Research on the Influence of Multiple Parameters on the Responses of a B-type Subway Train

To obtain improved comprehensive crashworthiness criteria for a B-type subway train, the influence laws of the vehicle design collision weight M and empty stroke D on the train’s collision responses were investigated, and multi-objective optimization and decision-making were performed to minimize TS (total compression displacement along the moving train) and TAMA (the overall mean acceleration along the moving train). Firstly, a one-dimensional train collision dynamics model was established and verified by comparing with the results of the finite element model.

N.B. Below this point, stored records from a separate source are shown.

lemma power_le_pochhammer:
  fixes a :: "'a::linordered_semidom"
  assumes "0 \<le> a"
  shows "a ^ n \<le> pochhammer a n"
proof -
  have "(\<Prod>i\<in>{0..<n}. a) \<le> (\<Prod>i\<in>{0..<n}. a + of_nat i)"
    using assms by (intro prod_mono) auto
  then show ?thesis by (simp add: pochhammer_prod)
qed

lemma pochhammer_le_power:
  fixes a :: "'a::linordered_idom"
  assumes "0 \<le> a"
  shows "pochhammer a n \<le> (a + of_nat n - 1) ^ n"
proof -
  have "(\<Prod>i\<in>{0..<n}. a + of_nat i) \<le> (\<Prod>i\<in>{0..<n}. a + of_nat n - 1)"
    using assms
    by (intro prod_mono) (auto simp: le_diff_eq, metis Suc_leI of_nat_Suc of_nat_mono add.commute)
  then show ?thesis by (simp add: pochhammer_prod)
qed

lemma pochhammer_mono:
  fixes a :: "'a::linordered_semidom"
  assumes "0 \<le> a" "a \<le> b"
  shows "pochhammer a n \<le> pochhammer b n"
  unfolding pochhammer_prod using assms by (intro prod_mono) auto

lemma poisson_p_pos: "0 < x \<Longrightarrow> 0 < poisson_p x k"
  unfolding poisson_p_def by simp

lemma poisson_p_Suc: "poisson_p x (Suc k) = poisson_p x k * x / real (Suc k)"
  unfolding poisson_p_def by (simp add: field_simps)

lemma poisson_p_add_mult_pochhammer:
  "poisson_p x (j + l) * pochhammer (real j + 1) l = poisson_p x j * x ^ l"
proof (induction l)
  case (Suc l)
  have "poisson_p x (j + Suc l) * pochhammer (real j + 1) (Suc l)
      = poisson_p x (j + l) * pochhammer (real j + 1) l * x"
    by (simp add: poisson_p_Suc pochhammer_Suc field_simps)
  then show ?case using Suc.IH by simp
qed simp

lemma poisson_p_add:
  "poisson_p x (j + l) = poisson_p x j * x ^ l / pochhammer (real j + 1) l"
  using poisson_p_add_mult_pochhammer[of x j l] pochhammer_pos[of "real j + 1" l]
  by (simp add: field_simps)
lemma Baire1_imp_Sigma_f_star_0:
  assumes "Baire1 X mtopology f"
  shows "Sigma_f_star_0 X mtopology f"
proof -
  obtain g where g: "\<And>n. continuous_map X mtopology (g n)"
    and lim: "\<And>x. x \<in> topspace X \<Longrightarrow> limitin mtopology (\<lambda>n. g n x) (f x) sequentially"
    using assms unfolding Baire1_def by blast
  obtain r :: "'a rel" where "Well_order r \<and> Field r = UNIV"
    using well_ordering[where 'a='a] by (rule exE)
  then have r: "Well_order r" "Field r = UNIV"
    by auto
  define C where "C n k a = mtopology closure_of stone_cell r n k a" for n k a
  define E where "E n k j a = {x \<in> topspace X. \<forall>i\<ge>j. g i x \<in> C n k a}" for n k j a
  define \<B> where "\<B> = (\<Union>(n, k, j). range (E n k j))"
  have E_fclosed: "fclosed X (E n k j a)" for n k j a
  proof -
    have "E n k j a = (\<Inter>i. {x \<in> topspace X. g (j + i) x \<in> C n k a})"
      unfolding E_def by (auto simp: le_iff_add)
    then show ?thesis
      unfolding C_def
      by (simp add: fclosed_Inter_nat fclosed_continuous_map_preimage[OF g] closedin_imp_fclosed)
  qed
  have "sfd X UNIV (E n k j)" for n k j
  proof -
    have "sfd mtopology UNIV (C n k)"
      unfolding C_def using stone_cells_separated[OF r]
      by (intro sfd_closure_of_separated[of "(1/2)^k"]) auto
    then have "sfd X UNIV (\<lambda>a. {x \<in> topspace X. g j x \<in> C n k a})"
      by (rule sfd_continuous_map_preimage[OF g])
    then show ?thesis
      by (rule sfd_mono) (auto simp: E_def)
  qed
  then have "sigma_sfd X \<B>"
    unfolding \<B>_def by (intro sigma_sfd_UN) (auto intro: sfd_image)
  moreover have "base_for X mtopology f \<B>"
    unfolding \<B>_def E_def[abs_def] C_def by (rule base_for_pointwise_limit[OF r lim])
  moreover have "\<forall>B\<in>\<B>. fclosed X B"
    unfolding \<B>_def using E_fclosed by auto
  ultimately show ?thesis
    unfolding Sigma_f_star_0_def by (intro exI[of _ \<B>]) simp
qed
lemma kth_largest_cong:
  assumes "\<And>j. j \<in> J \<Longrightarrow> v j = w j"
  shows "kth_largest J v k = kth_largest J w k"
proof -
  have "map v (sorted_list_of_set J) = map w (sorted_list_of_set J)"
    using assms by (cases "finite J") auto
  then show ?thesis
    by (simp only: kth_largest_def)
qed

lemma ord_stat_eq_kth_largest: "ord_stat n X k \<omega> = kth_largest {1..n} (\<lambda>i\<in>{1..n}. X i \<omega>) k"
proof -
  have "sorted_list_of_set {1..n} = [1..<n+1]"
    by (metis atLeastLessThanSuc_atLeastAtMost sorted_list_of_set_range Suc_eq_plus1)
  then have "ord_stat n X k \<omega> = kth_largest {1..n} (\<lambda>i. X i \<omega>) k"
    by (simp add: ord_stat_def kth_largest_def)
  also have "\<dots> = kth_largest {1..n} (\<lambda>i\<in>{1..n}. X i \<omega>) k"
    by (rule kth_largest_cong) simp
  finally show ?thesis .
qed

lemma sorted_nth_ge_iff:
  fixes ys :: "'a::linorder list"
  assumes sorted: "sorted ys" and k: "1 \<le> k" "k \<le> length ys"
  shows "t \<le> ys ! (length ys - k) \<longleftrightarrow> k \<le> length (filter (\<lambda>y. t \<le> y) ys)"
proof -
  define m where "m = length ys - k"
  define S where "S = {i. i < length ys \<and> t \<le> ys ! i}"
  have m: "m < length ys"
    using k by (simp add: m_def)
  have up: "t \<le> ys ! i" if "t \<le> ys ! j" "j \<le> i" "i < length ys" for i j
    using that sorted by (meson order_trans sorted_nth_mono)
  have "t \<le> ys ! m \<longleftrightarrow> k \<le> card S"
  proof
    assume "t \<le> ys ! m"
    then have "{m..<length ys} \<subseteq> S"
      using up by (auto simp: S_def)
    from card_mono[OF _ this] show "k \<le> card S"
      using k by (simp add: S_def m_def)
  next
    assume card: "k \<le> card S"
    show "t \<le> ys ! m"
    proof (rule ccontr)
      assume not_ge: "\<not> t \<le> ys ! m"
      have "S \<subseteq> {Suc m..<length ys}"
      proof
        fix i assume "i \<in> S"
        then have "i < length ys" "t \<le> ys ! i"
          by (auto simp: S_def)
        moreover have "\<not> i \<le> m"
          using up[of i m] calculation not_ge m by blast
        ultimately show "i \<in> {Suc m..<length ys}"
          by simp
      qed
      from card_mono[OF _ this] show False
        using card k by (simp add: m_def)
    qed
  qed
  then show ?thesis
    by (simp add: S_def m_def length_filter_conv_card)
qed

Secondly, based on the dynamics model, the influence laws of M and D on the collision responses, such as the energy-absorbing devices’ displacements and absorbed energy, vehicles’ velocity and acceleration, TS , TAMA and the coupling correlation effect were investigated. Then, surrogate models for TS and TAMA were developed using the optimal Latin hypercube method (OLHD) and response surface method (RSM), and multi-objective optimization was conducted using the particle swarm optimization algorithm method (MPOSO). Finally, the entropy method was used to obtain the weight coefficients for TS and TAMA , and multi-objective decision-making was performed. The results indicate that D and M significantly affect the compression displacements and energy absorption of the first three collision interfaces, but have limited impact on the last three collision interfaces. The velocity versus time curves of vehicle M1 and M2 are shifted and parallel with different D . However, the velocity versus time curves of all the vehicles are shifted but gradually divergent with different M . The maximum collision instantaneous accelerations of the vehicles are directly determined by M , but are only slightly affected by D . Under the coupling effect, all concerned collision responses are strongly correlated with M ; however, the responses are weakly correlated with D except for the compression displacement at the M2-M3 collision interface and the maximum collision instantaneous acceleration of vehicle M2. The comprehensive crashworthiness criteria of the B-type subway train were significantly improved after multi-objective optimization and decision-making. The research provides more theoretical and engineering application references for the subway train crashworthiness design.